Once we determine we need to continue, we launch Puppeteer and wait for a new page. Puppeteer has a myriad of options and command line arguments - if you’d like to check them out and tailor to your environment, I encourage you to RTFM @ https://github.com/puppeteer/puppeteer - but for now just roll with these sane defaults.

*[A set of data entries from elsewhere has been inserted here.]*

(* Let $a\ge2$ be an integer and $G=\langle x,y\mid x^a=y^a\rangle$, which is a Garside group with Garside element $\Delta=x^a=y^a$ (central). Then (i) $x$ and $y$ are not conjugate in $G$ (although $x^a=y^a$ and both are periodic); (ii) there is no Garside structure on $G$ in which $x$ is a Garside element.
   Context: A Garside structure on a group $G$ is a triple $(G,G^+,\Delta)$ where $G$ is the group of fractions of a Garside monoid $G^+$ (an atomic, left and right cancellative monoid that is a lattice under both the prefix order and the suffix order) and $\Delta\in G^+$ is an element whose left and right divisors in $G^+$ coincide, form a finite set, and generate $G^+$; $\Delta$ is then called a Garside element. An element $g$ is periodic with respect to $\Delta$ if $g=1$ or $g^k$ is conjugate to $\Delta^\ell$ for some nonzero integers $k,\ell$. *)

theory Defs
  imports "HOL-Algebra.Algebra"
begin

text \<open>Letters of words in the free group on x, y: the first component selects
the generator (False = x, True = y), the second says whether the letter is
the inverse of that generator.\<close>

type_synonym letter = "bool \<times> bool"

definition inv_letter :: "letter \<Rightarrow> letter" where
  "inv_letter l = (fst l, \<not> snd l)"

inductive_set pres_rel :: "nat \<Rightarrow> (letter list \<times> letter list) set" for a :: nat where
  refl: "(w, w) \<in> pres_rel a"
| sym: "(u, v) \<in> pres_rel a \<Longrightarrow> (v, u) \<in> pres_rel a"
| trans: "(u, v) \<in> pres_rel a \<Longrightarrow> (v, w) \<in> pres_rel a \<Longrightarrow> (u, w) \<in> pres_rel a"
| ctx: "(u, v) \<in> pres_rel a \<Longrightarrow> (p @ u @ q, p @ v @ q) \<in> pres_rel a"
| cancel: "([l, inv_letter l], []) \<in> pres_rel a"
| relator: "(replicate a (False, False), replicate a (True, False)) \<in> pres_rel a"

definition xy_group :: "nat \<Rightarrow> letter list set monoid" where
  "xy_group a = \<lparr> partial_object.carrier = UNIV // pres_rel a,
     monoid.mult = (\<lambda>A B. pres_rel a `` {(SOME u. u \<in> A) @ (SOME v. v \<in> B)}),
     monoid.one = pres_rel a `` {[]} \<rparr>"

definition gen_x :: "nat \<Rightarrow> letter list set" where
  "gen_x a = pres_rel a `` {[(False, False)]}"

definition gen_y :: "nat \<Rightarrow> letter list set" where
  "gen_y a = pres_rel a `` {[(True, False)]}"

definition left_divides :: "('a, 'b) monoid_scheme \<Rightarrow> 'a set \<Rightarrow> 'a \<Rightarrow> 'a \<Rightarrow> bool" where
  "left_divides G M u v \<longleftrightarrow> u \<in> M \<and> v \<in> M \<and> (\<exists>c\<in>M. u \<otimes>\<^bsub>G\<^esub> c = v)"

definition right_divides :: "('a, 'b) monoid_scheme \<Rightarrow> 'a set \<Rightarrow> 'a \<Rightarrow> 'a \<Rightarrow> bool" where
  "right_divides G M u v \<longleftrightarrow> u \<in> M \<and> v \<in> M \<and> (\<exists>c\<in>M. c \<otimes>\<^bsub>G\<^esub> u = v)"

definition is_lattice_on :: "'a set \<Rightarrow> ('a \<Rightarrow> 'a \<Rightarrow> bool) \<Rightarrow> bool" where
  "is_lattice_on M rel \<longleftrightarrow>
     (\<forall>u\<in>M. rel u u) \<and>
     (\<forall>u\<in>M. \<forall>v\<in>M. \<forall>w\<in>M. rel u v \<and> rel v w \<longrightarrow> rel u w) \<and>
     (\<forall>u\<in>M. \<forall>v\<in>M. rel u v \<and> rel v u \<longrightarrow> u = v) \<and>
     (\<forall>u\<in>M. \<forall>v\<in>M.
        (\<exists>j\<in>M. rel u j \<and> rel v j \<and> (\<forall>z\<in>M. rel u z \<and> rel v z \<longrightarrow> rel j z)) \<and>
        (\<exists>m\<in>M. rel m u \<and> rel m v \<and> (\<forall>z\<in>M. rel z u \<and> rel z v \<longrightarrow> rel z m)))"

definition atomic_monoid :: "('a, 'b) monoid_scheme \<Rightarrow> 'a set \<Rightarrow> bool" where
  "atomic_monoid G M \<longleftrightarrow>
     (\<forall>m\<in>M. \<exists>N::nat. \<forall>xs. set xs \<subseteq> M - {\<one>\<^bsub>G\<^esub>} \<and>
        foldr (\<otimes>\<^bsub>G\<^esub>) xs \<one>\<^bsub>G\<^esub> = m \<longrightarrow> length xs \<le> N)"

definition cancellative_monoid :: "('a, 'b) monoid_scheme \<Rightarrow> 'a set \<Rightarrow> bool" where
  "cancellative_monoid G M \<longleftrightarrow>
     (\<forall>u\<in>M. \<forall>v\<in>M. \<forall>w\<in>M. u \<otimes>\<^bsub>G\<^esub> v = u \<otimes>\<^bsub>G\<^esub> w \<longrightarrow> v = w) \<and>
     (\<forall>u\<in>M. \<forall>v\<in>M. \<forall>w\<in>M. v \<otimes>\<^bsub>G\<^esub> u = w \<otimes>\<^bsub>G\<^esub> u \<longrightarrow> v = w)"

After waiting for headless chrome to ‘boot up’ we can now wait for viewport readiness and fill it with content. In the example below I am pulling the size from user settings, but you can of course pull from anywhere you’d like. You’ll also notice I am feeding html directly from our firestore document into our page, whereas in production you’d likely not be doing this (illustration purposes only, wit.soul === brevity):

    
    const page = await browser.newPage().catch(simpleExceptionHandler);

    await page.setViewport({
        width: newDoc.settings.screenshot.width || 1200,
        height: newDoc.settings.screenshot.height || 900,
        deviceScaleFactor: 1,
    }).catch(simpleExceptionHandler);

    await page.setContent(newDoc.markup, {
        waitUntil: "networkidle0" // Wait until all requests are quiet for 500ms, i.e. all page assets fetched
    }).catch(simpleExceptionHandler);
    

Awesome! At this point, somewhere on a virtualized piece of memory, deep, deeeeep within a Google Data Center, our headless chrome instance has our page fully rendered. Now we’ll need to grab a scratch location to put our images, await Puppeteer following our screenshot command, then use GCP’s pre-installed ImageMagik to create a thumbnail:

    await page.setContent(newDoc.markup, {
        waitUntil: "networkidle0"
    }).catch(simpleExceptionHandler);

    // Ensure we can write bytes to this location
    const originalScreenshot = path.join(os.tmpdir(), 'original.png');
    const modifiedScreenshot = path.join(os.tmpdir(), 'modified.jpg');

    await page.screenshot({ path: originalScreenshot }).catch(simpleExceptionHandler);

    // Thumbnail ImageMagik
    await spawn('convert', [
        originalScreenshot,
        '-resize',
        `${newDoc.settings.thumbnail.width || 400}x${newDoc.settings.thumbnail.height || 300}`,
        '-quality',
        '92',
        modifiedScreenshot
    ], { capture: ['stdout', 'stderr'] }).catch(simpleExceptionHandler);
    

So now we have two beautiful images sitting in a temp directory on an ephemeral linux vm. Let’s show off our work! We’ll need to send these bad boys to Google Cloud Storage so they can be accessed by the public, writ large:

    // Thumbnail ImageMagik
    await spawn('convert', [
        originalScreenshot,
        '-resize',
        `${newDoc.settings.thumbnail.width || 400}x${newDoc.settings.thumbnail.height || 300}`,
        '-quality',
        '92',
        modifiedScreenshot
    ], { capture: ['stdout', 'stderr'] }).catch(simpleExceptionHandler);

    // Get a reference to our default bucket
    const cloudBucket = admin.storage().bucket();
    
    // Wait for thumbnail upload
    await cloudBucket.upload(modifiedScreenshot, { 
        destination: `thumbnails/${change.after.id}.jpg` 
    }).catch(simpleExceptionHandler);
    
    // Wait for screenshot upload
    await cloudBucket.upload(originalScreenshot, { 
        destination: `screenshots/${change.after.id}.jpg` 
    }).catch(simpleExceptionHandler);

    // Be kind, rewind! (Clean up scratch on VM)
    fs.unlinkSync(originalScreenshot);
    fs.unlinkSync(modifiedScreenshot);

    // Release the browser!
    await browser.close().catch(simpleExceptionHandler);

    // End func
    return true;
    

Once we have waited for Google’s storage library to do the heavy lifting for us, we simply clean up after ourselves and power down. Keep in mind you would also need to make your cloud bucket publicly accessible by giving ‘allUsers’ read access in it’s AIM policy. Additionally, you would need some business logic to get that url into your application, perhaps updating the users firestore document? That goes beyond the scope of this post; The choice is yours.